In 1899 Dreyfus was returned to France for re-trial which resulted in another conviction and a 10 year sentence but he was then given a pardon and set free. Eventually all the accusations against Dreyfus were shown to be baseless. In 1906 Dreyfus was exonerated and reinstated as a major of the French army. He served during the whole of WW1 ending with the rank of lieutenant colonel. He died in 1935.
Esterhazy had a shaky start to his career when refused admission to the French military academy in Brittany. However, he joined a Papal guard unit followed by service in the French Foreign Legion and later transferred to the French army rising to the rank of major and serving in the “Statistical Branch” (French military Intelligence). He benefited from legacies to him by his parents and grandparents but his dubious lifestyle soon frittered this away on wine women and song. He then married well benefitting from a 200,000 Franc dowry of which F20,000 was used to purchase a marital chateau outside Paris. The couple had two children. Perhaps predictably the dowry was soon squandered through bad investments and his womanising in Paris.
It was shortly after this that he approached the German Embassy in Paris and offered his services as a spy. Not long after this the torn up hand written document containing military information were discovered. This was the one wrongly attributed to Dreyfus by the military brass in the “Statistical Branch” who later covered up the wrongful conviction of Dreyfus.
Incognito in Harpenden
After many twists and turns Major Esterhazy finally in 1898 confessed to his crimes and left Paris ending up in London the following year where he is said to have lived in Paddington in a house of ill repute. He moved in 1908 to a B & B at 46 Tennyson Road, Harpenden living with “his wife” under the name of Fitzgerald. He later moved to an address in Station Road (The Elms, 140) and then on to “Holmleigh” 21 Milton Road which he had purchased. It was about this time that he changed his name to Count de Voilemont although this title is quite spurious.

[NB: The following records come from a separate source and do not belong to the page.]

(* Let $\mathcal{A}=\{H_1,\dots,H_m\}$ be an arrangement of hyperplanes in $\mathbb{P}^n$ and let $P_1,\dots,P_m\in\mathrm{End}(\mathbb{C}^r)$ satisfy $\sum_{j=1}^m P_j=0$ and $[P_j,P_X]=0$ for all $j$ and all edges $X$ with $\operatorname{codim}X=2$ and $X\subseteq H_j$, where $P_X=\sum_{X\subseteq H_j}P_j$. Suppose there is $H\in\mathcal{A}$ such that for every dense edge $X\subseteq H$, no eigenvalue of $P_X$ lies in $\mathbb{Z}$. Then there exist integers $k_1,\dots,k_m$ with $\sum_j k_j=0$ such that the collection $(P_1+k_1\mathbb{I}_r,\dots,P_m+k_m\mathbb{I}_r)$ has the property that for every dense edge $X$ of $\mathcal{A}$, no eigenvalue of $\sum_{X\subseteq H_j}(P_j+k_j\mathbb{I}_r)$ lies in $\mathbb{Z}_{\geq 0}$.
   Context: $\mathbb{I}_r$ is the $r\times r$ identity matrix. An edge is a nonempty intersection of hyperplanes of $\mathcal{A}$; an edge $X$ is dense if the subarrangement of hyperplanes containing $X$ is irreducible, i.e. cannot be partitioned into two nonempty sets which, after a linear change of coordinates, are defined by linear forms in disjoint sets of coordinates (each hyperplane is a dense edge). *)

theory Defs
  imports "HOL-Analysis.Analysis"
begin

text \<open>Projective space P^n is modelled through its cone C^(n+1) = complex^'n
  (so n = CARD('n) - 1). Projective linear subsets
  correspond to linear subspaces of C^(n+1); a projective subset is nonempty
  iff its cone is not {0}; projective codimension = CARD('n) - (linear dim).\<close>

definition lform :: "complex^'n \<Rightarrow> complex^'n \<Rightarrow> complex" where
  "lform a v = (\<Sum>i\<in>UNIV. a $ i * v $ i)"

definition hyp :: "complex^'n \<Rightarrow> (complex^'n) set" where
  "hyp a = {v. lform a v = 0}"

definition arrangement :: "nat \<Rightarrow> (nat \<Rightarrow> complex^'n) \<Rightarrow> bool" where
  "arrangement m alpha \<longleftrightarrow>
     (\<forall>j<m. alpha j \<noteq> 0) \<and>
     (\<forall>i<m. \<forall>j<m. i \<noteq> j \<longrightarrow> hyp (alpha i) \<noteq> hyp (alpha j))"

definition is_edge :: "nat \<Rightarrow> (nat \<Rightarrow> complex^'n) \<Rightarrow> (complex^'n) set \<Rightarrow> bool" where
  "is_edge m alpha X \<longleftrightarrow>
     (\<exists>S. S \<subseteq> {..<m} \<and> S \<noteq> {} \<and> X = (\<Inter>j\<in>S. hyp (alpha j))) \<and> X \<noteq> {0}"

definition codim :: "(complex^'n) set \<Rightarrow> nat" where
  "codim X = CARD('n) - vec.dim X"

definition reducible :: "(nat \<Rightarrow> complex^'n) \<Rightarrow> nat set \<Rightarrow> bool" where
  "reducible alpha S \<longleftrightarrow>
     (\<exists>B C. B \<union> C = S \<and> B \<inter> C = {} \<and> B \<noteq> {} \<and> C \<noteq> {} \<and>
        (\<exists>(M :: complex^'n^'n) (I :: 'n set). invertible M \<and>
           (\<forall>j\<in>B. \<forall>i. i \<notin> I \<longrightarrow> (transpose M *v alpha j) $ i = 0) \<and>
           (\<forall>j\<in>C. \<forall>i. i \<in> I \<longrightarrow> (transpose M *v alpha j) $ i = 0)))"

definition hyps_containing :: "nat \<Rightarrow> (nat \<Rightarrow> complex^'n) \<Rightarrow> (complex^'n) set \<Rightarrow> nat set" where
  "hyps_containing m alpha X = {j. j < m \<and> X \<subseteq> hyp (alpha j)}"

definition dense_edge :: "nat \<Rightarrow> (nat \<Rightarrow> complex^'n) \<Rightarrow> (complex^'n) set \<Rightarrow> bool" where
  "dense_edge m alpha X \<longleftrightarrow> is_edge m alpha X \<and> \<not> reducible alpha (hyps_containing m alpha X)"

definition eigenvalue :: "complex^'r^'r \<Rightarrow> complex \<Rightarrow> bool" where
  "eigenvalue A c \<longleftrightarrow> (\<exists>v. v \<noteq> 0 \<and> A *v v = c *s v)"

definition PX :: "nat \<Rightarrow> (nat \<Rightarrow> complex^'n) \<Rightarrow> (nat \<Rightarrow> complex^'r^'r) \<Rightarrow> (complex^'n) set \<Rightarrow> complex^'r^'r" where
  "PX m alpha P X = (\<Sum>j\<in>hyps_containing m alpha X. P j)"

end

theory Submission
  imports Defs
begin

text \<open>Let H = H_h. Shift P_h by (m - 1) N and every other P_j by -N, where the integer N
  exceeds the sum of the entrywise norms of the P_j. For a dense edge X inside H, P_X moves
  by an integer multiple of the identity, so its eigenvalues stay non-integral. Any other
  edge lies on some hyperplane but not on H, so P_X moves by -c N with c \<ge> 1; since
  eigenvalues are bounded by the entrywise norm, they then all have negative real part.\<close>

definition entrywise_norm :: "'a::real_normed_vector^'c^'b \<Rightarrow> real" where
  "entrywise_norm A = (\<Sum>a\<in>UNIV. \<Sum>b\<in>UNIV. norm (A $ a $ b))"

lemma entrywise_norm_nonneg: "entrywise_norm A \<ge> 0"
  unfolding entrywise_norm_def by (intro sum_nonneg) simp

lemma entrywise_norm_sum_le:
  "entrywise_norm (\<Sum>j\<in>S. P j) \<le> (\<Sum>j\<in>S. entrywise_norm (P j))"
proof -
  have "entrywise_norm (\<Sum>j\<in>S. P j) \<le> (\<Sum>a\<in>UNIV. \<Sum>b\<in>UNIV. \<Sum>j\<in>S. norm (P j $ a $ b))"
    unfolding entrywise_norm_def by (intro sum_mono) (simp add: norm_sum)
  also have "\<dots> = (\<Sum>a\<in>UNIV. \<Sum>j\<in>S. \<Sum>b\<in>UNIV. norm (P j $ a $ b))"
    by (intro sum.cong refl) (rule sum.swap)
  also have "\<dots> = (\<Sum>j\<in>S. entrywise_norm (P j))"
    unfolding entrywise_norm_def by (rule sum.swap)
  finally show ?thesis .
qed

lemma norm_eigenvalue_le_entrywise_norm:
  fixes A :: "'a::real_normed_field^'n^'n"
  assumes "v \<noteq> 0" and "A *v v = c *s v"
  shows "norm c \<le> entrywise_norm A"
proof -
  obtain a where a_max: "\<And>i. norm (v $ i) \<le> norm (v $ a)"
    using Max_in[of "range (\<lambda>i. norm (v $ i))"] Max_ge[of "range (\<lambda>i. norm (v $ i))"] by fastforce
  obtain i where "v $ i \<noteq> 0"
    using assms(1) by (auto simp: vec_eq_iff)
  then have pos: "norm (v $ a) > 0"
    using a_max[of i] by auto
  have "c * v $ a = (\<Sum>b\<in>UNIV. A $ a $ b * v $ b)"
    using arg_cong[OF assms(2), of "\<lambda>w. w $ a"] by (simp add: matrix_vector_mult_def)
  then have "norm c * norm (v $ a) = norm (\<Sum>b\<in>UNIV. A $ a $ b * v $ b)"
    by (simp add: norm_mult[symmetric])
  also have "\<dots> \<le> (\<Sum>b\<in>UNIV. norm (A $ a $ b) * norm (v $ b))"
    by (rule order_trans[OF norm_sum]) (simp add: norm_mult)
  also have "\<dots> \<le> (\<Sum>b\<in>UNIV. norm (A $ a $ b)) * norm (v $ a)"
    unfolding sum_distrib_right by (intro sum_mono mult_left_mono a_max) simp
  finally have "norm c \<le> (\<Sum>b\<in>UNIV. norm (A $ a $ b))"
    using pos by (rule mult_right_le_imp_le)
  also have "\<dots> \<le> entrywise_norm A"
    unfolding entrywise_norm_def by (rule member_le_sum) (auto intro: sum_nonneg)
  finally show ?thesis .
qed

text \<open>In \<open>of_int k *s mat 1\<close> the scalar has the row type, so it is the constant
  vector \<open>of_int k\<close> rather than a number.\<close>

lemma of_int_index: "(of_int k :: 'a::ring_1^'n) $ i = of_int k"
  by (cases k) (simp_all add: of_nat_index)

lemma of_int_scalar_mat_mult: "((of_int k :: 'a::comm_ring_1^'n) *s mat 1) *v v = of_int k *s v"
  by (simp add: vec_eq_iff matrix_vector_mult_def mat_def of_int_index if_distrib[of "\<lambda>x. _ * x"]
      if_distrib[of "\<lambda>x. x * _"] cong: if_cong)

lemma eigenvalue_add_of_int_iff:
  "eigenvalue (A + of_int k *s mat 1) \<mu> \<longleftrightarrow> eigenvalue A (\<mu> - of_int k)"
  unfolding eigenvalue_def
  by (simp add: matrix_vector_mult_add_rdistrib of_int_scalar_mat_mult vector_sub_rdistrib eq_diff_eq)

lemma Re_eigenvalue_neg_if_shift_dominates:
  assumes "entrywise_norm A < - of_int k" and "eigenvalue (A + of_int k *s mat 1) \<mu>"
  shows "Re \<mu> < 0"
proof -
  have "eigenvalue A (\<mu> - of_int k)"
    using assms(2) by (simp only: eigenvalue_add_of_int_iff)
  then obtain v where v: "v \<noteq> 0" "A *v v = (\<mu> - of_int k) *s v"
    unfolding eigenvalue_def by blast
  have "Re \<mu> - of_int k = Re (\<mu> - of_int k)"
    by simp
  also have "\<dots> \<le> cmod (\<mu> - of_int k)"
    by (rule complex_Re_le_cmod)
  also have "\<dots> \<le> entrywise_norm A"
    using v by (rule norm_eigenvalue_le_entrywise_norm)
  finally show ?thesis
    using assms(1) by linarith
qed

lemma sum_add_scalar_mat:
  fixes P :: "'i \<Rightarrow> 'a::comm_ring_1^'n^'n"
  shows "(\<Sum>j\<in>S. P j + c j *s mat 1) = (\<Sum>j\<in>S. P j) + (\<Sum>j\<in>S. c j) *s mat 1"
  by (simp add: sum.distrib vec_eq_iff sum_distrib_right)

lemma PX_add_scalar_mat:
  "PX m alpha (\<lambda>j. P j + of_int (k j) *s mat 1) X
     = PX m alpha P X + of_int (\<Sum>j\<in>hyps_containing m alpha X. k j) *s mat 1"
  unfolding PX_def by (simp add: sum_add_scalar_mat)

lemma entrywise_norm_PX_le:
  "entrywise_norm (PX m alpha P X) \<le> (\<Sum>j<m. entrywise_norm (P j))"
proof -
  have "entrywise_norm (PX m alpha P X) \<le> (\<Sum>j\<in>hyps_containing m alpha X. entrywise_norm (P j))"
    unfolding PX_def by (rule entrywise_norm_sum_le)
  also have "\<dots> \<le> (\<Sum>j<m. entrywise_norm (P j))"
    by (rule sum_mono2) (auto simp: hyps_containing_def entrywise_norm_nonneg)
  finally show ?thesis .
qed

lemma not_Ints_eigenvalue_add_of_int:
  assumes "\<And>\<mu>. eigenvalue A \<mu> \<Longrightarrow> \<mu> \<notin> \<int>" and "eigenvalue (A + of_int k *s mat 1) c"
  shows "c \<notin> \<int>"
proof
  assume "c \<in> \<int>"
  then have "c - of_int k \<in> \<int>"
    by (intro Ints_diff Ints_of_int)
  moreover have "eigenvalue A (c - of_int k)"
    using assms(2) by (simp only: eigenvalue_add_of_int_iff)
  ultimately show False
    using assms(1) by blast
qed

lemma nonneg_int_set_eq_Nats: "{of_nat q | q :: nat. True} = \<nat>"
  unfolding Nats_def by auto

lemma not_Nats_if_Re_neg:
  assumes "Re c < 0"
  shows "c \<notin> \<nat>"
proof
  assume "c \<in> \<nat>"
  then obtain q where "c = of_nat q"
    by (rule Nats_cases)
  with assms show False
    by simp
qed

lemma finite_hyps_containing: "finite (hyps_containing m alpha X)"
  unfolding hyps_containing_def by simp

lemma hyps_containing_edge_nonempty:
  assumes "is_edge m alpha X"
  shows "hyps_containing m alpha X \<noteq> {}"
proof -
  obtain S where "S \<subseteq> {..<m}" "S \<noteq> {}" "X = (\<Inter>j\<in>S. hyp (alpha j))"
    using assms unfolding is_edge_def by blast
  then show ?thesis
    unfolding hyps_containing_def by auto
qed

definition concentrated_shift :: "nat \<Rightarrow> nat \<Rightarrow> int \<Rightarrow> nat \<Rightarrow> int" where
  "concentrated_shift m h N j = (if j = h then int (m - 1) * N else - N)"

lemma sum_concentrated_shift:
  assumes "h < m"
  shows "(\<Sum>j<m. concentrated_shift m h N j) = 0"
  using assms by (simp add: concentrated_shift_def sum.If_cases Diff_eq[symmetric])

lemma sum_concentrated_shift_off_hyperplane_le:
  fixes N :: int
  assumes "is_edge m alpha X" and "\<not> X \<subseteq> hyp (alpha h)" and "N \<ge> 0"
  shows "(\<Sum>j\<in>hyps_containing m alpha X. concentrated_shift m h N j) \<le> - N"
proof -
  let ?S = "hyps_containing m alpha X"
  have "h \<notin> ?S"
    using assms(2) by (simp add: hyps_containing_def)
  then have "(\<Sum>j\<in>?S. concentrated_shift m h N j) = (\<Sum>j\<in>?S. - N)"
    by (intro sum.cong) (auto simp: concentrated_shift_def)
  moreover have "card ?S \<ge> 1"
    using hyps_containing_edge_nonempty[OF assms(1)] finite_hyps_containing[of m alpha X]
    by (simp add: Suc_le_eq card_gt_0_iff)
  ultimately show ?thesis
    using assms(3) by (simp add: mult_le_cancel_right1)
qed

lemma PX_concentrated_shift_no_Nats_eigenvalue:
  fixes P :: "nat \<Rightarrow> complex^'r^'r"
  assumes nonres_h: "\<And>X c. dense_edge m alpha X \<Longrightarrow> X \<subseteq> hyp (alpha h) \<Longrightarrow>
      eigenvalue (PX m alpha P X) c \<Longrightarrow> c \<notin> \<int>"
    and N_bound: "(\<Sum>j<m. entrywise_norm (P j)) < of_int N"
    and dense: "dense_edge m alpha X"
    and eig: "eigenvalue (PX m alpha (\<lambda>j. P j + of_int (concentrated_shift m h N j) *s mat 1) X) c"
  shows "c \<notin> \<nat>"
proof (cases "X \<subseteq> hyp (alpha h)")
  case True
  have "c \<notin> \<int>"
    using nonres_h[OF dense True] eig unfolding PX_add_scalar_mat
    by (rule not_Ints_eigenvalue_add_of_int)
  then show ?thesis
    by (rule contra_subsetD[OF Nats_subset_Ints])
next
  case False
  let ?K = "\<Sum>j\<in>hyps_containing m alpha X. concentrated_shift m h N j"
  have "0 \<le> (\<Sum>j<m. entrywise_norm (P j))"
    by (simp add: sum_nonneg entrywise_norm_nonneg)
  with N_bound have "N \<ge> 0"
    by linarith
  moreover have "is_edge m alpha X"
    using dense unfolding dense_edge_def by blast
  ultimately have "?K \<le> - N"
    using False by (intro sum_concentrated_shift_off_hyperplane_le)
  then have "entrywise_norm (PX m alpha P X) < - of_int ?K"
    using entrywise_norm_PX_le[of m alpha P X] N_bound by linarith
  then have "Re c < 0"
    using eig unfolding PX_add_scalar_mat by (rule Re_eigenvalue_neg_if_shift_dominates)
  then show ?thesis
    by (rule not_Nats_if_Re_neg)
qed

theorem proposition4p1:
  fixes m :: nat
    and alpha :: "nat \<Rightarrow> complex^'n"
    and P :: "nat \<Rightarrow> complex^'r^'r"
  assumes arr: "arrangement m alpha"
    and sum0: "(\<Sum>j<m. P j) = 0"
    and comm: "\<And>j X. j < m \<Longrightarrow> is_edge m alpha X \<Longrightarrow> codim X = 2 \<Longrightarrow> X \<subseteq> hyp (alpha j) \<Longrightarrow>
                 P j ** PX m alpha P X = PX m alpha P X ** P j"
    and nonres: "\<exists>h<m. \<forall>X. dense_edge m alpha X \<and> X \<subseteq> hyp (alpha h) \<longrightarrow>
                 (\<forall>c. eigenvalue (PX m alpha P X) c \<longrightarrow> c \<notin> \<int>)"
  shows "\<exists>k :: nat \<Rightarrow> int. (\<Sum>j<m. k j) = 0 \<and>
           (\<forall>X. dense_edge m alpha X \<longrightarrow>
              (\<forall>c. eigenvalue (PX m alpha (\<lambda>j. P j + of_int (k j) *s mat 1) X) c \<longrightarrow>
                   c \<notin> {of_nat q | q :: nat. True}))"
proof -
  obtain h where "h < m" and nonres_h: "\<And>X c. dense_edge m alpha X \<Longrightarrow> X \<subseteq> hyp (alpha h) \<Longrightarrow>
      eigenvalue (PX m alpha P X) c \<Longrightarrow> c \<notin> \<int>"
    using nonres by blast
  define N :: int where "N = \<lceil>\<Sum>j<m. entrywise_norm (P j)\<rceil> + 1"
  have N_bound: "(\<Sum>j<m. entrywise_norm (P j)) < of_int N"
    using le_of_int_ceiling[of "\<Sum>j<m. entrywise_norm (P j)"] unfolding N_def by linarith
  have "c \<notin> \<nat>"
    if "dense_edge m alpha X"
      and "eigenvalue (PX m alpha (\<lambda>j. P j + of_int (concentrated_shift m h N j) *s mat 1) X) c"
    for X c
    using nonres_h N_bound that by (rule PX_concentrated_shift_no_Nats_eigenvalue)
  with sum_concentrated_shift[OF \<open>h < m\<close>] show ?thesis
    unfolding nonneg_int_set_eq_Nats by blast
qed

end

He regularly walked his two dogs on Harpenden Common and seemed to enjoy an income from writing or possibly from the French government (a military pension?) and was known to encash money orders at Harpenden Post Office but their precise source is unknown. At the commencement of WW1 he drew attention to himself by criticising the French government.

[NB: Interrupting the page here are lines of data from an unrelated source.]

(* In the u2D Toda setting described in the context, fix integers $l,m,n$. Then \[ \begin{aligned} &\tau(l+1,m,n)=\max_{0\le k_1\le N}\bigl(\tau_c(-1,N-k_1)-k_1\delta\bigr),\qquad \tau(l,m-1,n)=\max_{0\le k_2\le N}\bigl(\tau_c(k_2-1,N)-k_2\varepsilon\bigr),\\ &\tau(l+1,m,n-1)=\max_{0\le k_1\le N}\bigl(\tau_c(N-k_1-1,N)-k_1\delta\bigr),\qquad \tau(l,m-1,n+1)=\max_{0\le k_2\le N}\bigl(\tau_c(-1,k_2)-k_2\varepsilon\bigr),\\ &\tau(l,m,n)=\tau_c(-1,N),\qquad \tau(l+1,m-1,n)=\max_{0\le k_1,k_2\le N}\bigl(\Psi(k_1,k_2)-k_1\delta-k_2\varepsilon\bigr), \end{aligned} \] where for $0\le k_1,k_2\le N$ \[ \Psi(k_1,k_2)=\begin{cases} \max_{0\le i\le k_2}\tau_c(k_2-i-1,\,N-k_1+i) & (k_1\ge k_2\text{ and }N-k_1\ge k_2),\\ \max_{0\le i\le k_1}\tau_c(k_2-i-1,\,N-k_1+i) & (N-k_1\ge k_2\ge k_1),\\ \max_{0\le i\le N-k_1}\tau_c(i-1,\,N-k_1+k_2-i) & (k_1\ge k_2\ge N-k_1),\\ \max_{0\le i\le N-k_2}\tau_c(N-k_1-i-1,\,k_2+i) & (k_2\ge N-k_1\text{ and }k_2\ge k_1). \end{cases} \] Moreover, for $1\le k_1,k_2\le N$: $\Psi(k_1,k_2)=\max(\Psi(k_1-1,k_2-1),\tau_c(k_2-1,N-k_1))$ if $k_2-1<N-k_1$; $\Psi(k_1-1,k_2-1)=\max(\Psi(k_1,k_2),\tau_c(N-k_1,k_2-1))$ if $k_2-1>N-k_1$; $\Psi(k_1,k_2)=\Psi(k_1-1,k_2-1)$ if $k_2-1=N-k_1$.
   Context: Ultradiscrete permanent (UP): for a real $N\times N$ matrix $A=(a_{ij})$, $\max A\equiv\max_{\pi}\sum_{i=1}^N a_{i\pi(i)}$ over all permutations $\pi$ of $\{1,\dots,N\}$; $\max[\bm{b}_1\ \dots\ \bm{b}_N]$ is the UP of the matrix with columns $\bm{b}_j$. u2D Toda setting: $N\ge1$; real $\delta,\varepsilon>0$; arbitrary real $r_i,c_i,c'_i$ ($1\le i\le N$); for integers $l,m,n$, $\eta_i(l,m,n)=\max(0,r_i-\delta)l-\max(0,-r_i-\varepsilon)m+r_in+c_i$, $\eta'_i(l,m,n)=\max(0,-r_i-\delta)l-\max(0,r_i-\varepsilon)m-r_in+c'_i$, $\phi_i(l,m,n)=\max(\eta_i(l,m,n),\eta'_i(l,m,n))$, and $\tau(l,m,n)=\max[\phi_i(l,m,n+j-1)]_{1\le i,j\le N}$. With $l,m,n$ fixed put $\bm{\phi}(j)=(\phi_i(l,m,n+j))_{1\le i\le N}$, and for $-1\le\alpha<\beta\le N$ let $\tau_c(\alpha,\beta)=\max[\bm{\phi}(-1)\ \dots\ \widehat{\bm{\phi}(\alpha)}\ \dots\ \widehat{\bm{\phi}(\beta)}\ \dots\ \bm{\phi}(N)]$, the UP of the $N$ columns $\bm{\phi}(j)$, $j\in\{-1,0,\dots,N\}\setminus\{\alpha,\beta\}$. *)

theory Defs
  imports Complex_Main "HOL-Combinatorics.Permutations"
begin

definition up :: "nat \<Rightarrow> (nat \<Rightarrow> nat \<Rightarrow> real) \<Rightarrow> real" where
  "up N a = Max ((\<lambda>\<pi>. \<Sum>i=1..N. a i (\<pi> i)) ` {\<pi>. \<pi> permutes {1..N}})"

definition eta :: "(nat \<Rightarrow> real) \<Rightarrow> (nat \<Rightarrow> real) \<Rightarrow> real \<Rightarrow> real \<Rightarrow> nat \<Rightarrow> int \<Rightarrow> int \<Rightarrow> int \<Rightarrow> real" where
  "eta r c \<delta> \<epsilon> i l m n =
     max 0 (r i - \<delta>) * of_int l - max 0 (- r i - \<epsilon>) * of_int m + r i * of_int n + c i"

definition eta' :: "(nat \<Rightarrow> real) \<Rightarrow> (nat \<Rightarrow> real) \<Rightarrow> real \<Rightarrow> real \<Rightarrow> nat \<Rightarrow> int \<Rightarrow> int \<Rightarrow> int \<Rightarrow> real" where
  "eta' r c' \<delta> \<epsilon> i l m n =
     max 0 (- r i - \<delta>) * of_int l - max 0 (r i - \<epsilon>) * of_int m - r i * of_int n + c' i"

definition phi :: "(nat \<Rightarrow> real) \<Rightarrow> (nat \<Rightarrow> real) \<Rightarrow> (nat \<Rightarrow> real) \<Rightarrow> real \<Rightarrow> real \<Rightarrow> nat \<Rightarrow> int \<Rightarrow> int \<Rightarrow> int \<Rightarrow> real" where
  "phi r c c' \<delta> \<epsilon> i l m n = max (eta r c \<delta> \<epsilon> i l m n) (eta' r c' \<delta> \<epsilon> i l m n)"

definition tau :: "nat \<Rightarrow> (nat \<Rightarrow> real) \<Rightarrow> (nat \<Rightarrow> real) \<Rightarrow> (nat \<Rightarrow> real) \<Rightarrow> real \<Rightarrow> real \<Rightarrow> int \<Rightarrow> int \<Rightarrow> int \<Rightarrow> real" where
  "tau N r c c' \<delta> \<epsilon> l m n = up N (\<lambda>i j. phi r c c' \<delta> \<epsilon> i l m (n + int j - 1))"

definition tauc :: "nat \<Rightarrow> (nat \<Rightarrow> real) \<Rightarrow> (nat \<Rightarrow> real) \<Rightarrow> (nat \<Rightarrow> real) \<Rightarrow> real \<Rightarrow> real \<Rightarrow> int \<Rightarrow> int \<Rightarrow> int \<Rightarrow> int \<Rightarrow> int \<Rightarrow> real" where
  "tauc N r c c' \<delta> \<epsilon> l m n \<alpha> \<beta> =
     up N (\<lambda>i k. phi r c c' \<delta> \<epsilon> i l m
             (n + sorted_list_of_set ({-1..int N} - {\<alpha>, \<beta>}) ! (k - 1)))"

text \<open>Psi(k1,k2), by the four (consistent on overlaps) cases of the paper.\<close>
definition Psi :: "nat \<Rightarrow> (nat \<Rightarrow> real) \<Rightarrow> (nat \<Rightarrow> real) \<Rightarrow> (nat \<Rightarrow> real) \<Rightarrow> real \<Rightarrow> real \<Rightarrow> int \<Rightarrow> int \<Rightarrow> int \<Rightarrow> nat \<Rightarrow> nat \<Rightarrow> real" where
  "Psi N r c c' \<delta> \<epsilon> l m n k1 k2 =
    (let tc = tauc N r c c' \<delta> \<epsilon> l m n; K1 = int k1; K2 = int k2; NN = int N in
     if K1 \<ge> K2 \<and> NN - K1 \<ge> K2 then
       Max ((\<lambda>i. tc (K2 - int i - 1) (NN - K1 + int i)) ` {0..k2})
     else if NN - K1 \<ge> K2 \<and> K2 \<ge> K1 then
       Max ((\<lambda>i. tc (K2 - int i - 1) (NN - K1 + int i)) ` {0..k1})
     else if K1 \<ge> K2 \<and> K2 \<ge> NN - K1 then
       Max ((\<lambda>i. tc (int i - 1) (NN - K1 + K2 - int i)) ` {0..N - k1})
     else
       Max ((\<lambda>i. tc (NN - K1 - int i - 1) (K2 + int i)) ` {0..N - k2}))"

He died on 21 May 1923 aged 74 and was buried in the grounds of St Nicholas’ Church where his headstone gives his name as “Count de Voilemont” which was the name that appeared on his death certificate. However, the intrigue that surrounded this man continued even after death with an amendment being made on 16 October 1925 to the name on his death certificate to “Ferdinand Esterhazy”.
Dr Versey concluded his talk by referring to the role played by the Salvation Army in seeking the closure of the prison on Devils Island and reporting that a mysterious young French woman appeared in 1994 asking to see the grave. Her final action was to spit on it!